[Date Prev][Date Next][Thread Prev][Thread Next][Date Index][Thread Index]

ET-I3 Colloquium: Dr. Gautam Das from Microsoft Research on Approximate Query Processing






ET-I3  Colloquium
 
 
Approximate Query Processing
 
Dr. Gautam Das
Microsoft Research Labs
 
 
 
Friday, May 14th, 2004  11:30 AM  BY 660
 
 Abstract

In recent years, advances in data collection and management technologies have led to a proliferation of very large databases. However, effective data analysis such as data mining and decision support on such multi-gigabyte repositories has proven difficult to achieve. This is primarily because most analysis queries, by their nature, require aggregation or summarization of large portions of the data. Processing even a single analysis query involves accessing enormous amounts of data, leading to prohibitively expensive running times.

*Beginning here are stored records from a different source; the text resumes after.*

lemma Tbreve_iff:
  fixes h :: "'a::real_normed_vector \<times> ('a \<Rightarrow>\<^sub>L real) \<Rightarrow> ereal"
  assumes "\<And>z. h z \<noteq> -\<infinity>"
  shows "xs \<in> Tbreve h \<epsilon> x \<longleftrightarrow> (\<exists>r. h (x, xs) = ereal r \<and> (\<forall>y ys.
    ereal (r + blinfun_apply xs y + blinfun_apply ys x - 2 * blinfun_apply xs x - 2 * \<epsilon>) \<le> h (y, ys)))"
proof -
  have pair: "pair_dual (y - x, ys - xs) (xs, x)
      = blinfun_apply xs y + blinfun_apply ys x - 2 * blinfun_apply xs x" for y ys
    unfolding pair_dual_def by (simp add: blinfun.diff_left blinfun.diff_right)
  show ?thesis
  proof (cases "h (x, xs)")
    case (real r)
    then show ?thesis
      unfolding Tbreve_def eps_subdiff_def by (simp add: pair algebra_simps)
  qed (use assms in \<open>simp_all add: Tbreve_def eps_subdiff_def\<close>)
qed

While keeping query response times short is very important in such applications, exactness in query results is frequently less important.  In many cases, ?ballpark estimates? are adequate to provide the desired insights about the data. The acceptability of inexact query answers coupled with the necessity for fast query response times has led researchers to investigate Approximate Query Processing techniques that sacrifice accuracy to improve running time, typically through some sort of lossy data compression.

In this talk I will cover some of the approximate query processing techniques that we have developed in recent years at Microsoft Research, especially techniques based on pre-computed random samples.
 

Speaker Bio: Dr. Gautam Das is a researcher in the Data Management, Exploration and Mining Group at Microsoft Research. Prior to Microsoft he has held positions at Tandem (now HP) and the University of Memphis. Dr. Das graduated with a B.Tech in computer science from IIT Kanpur, India, and with a Ph.D. in computer science from the University of Wisconsin, Madison.

Dr. Das?s research interests are in search, retrieval, exploration, and mining of relational information stores. He is especially interested in investigating the application of cross disciplinary techniques (information retrieval, machine learning, statistics, algorithms, and data structures) to the specific data exploration problems that relational databases pose.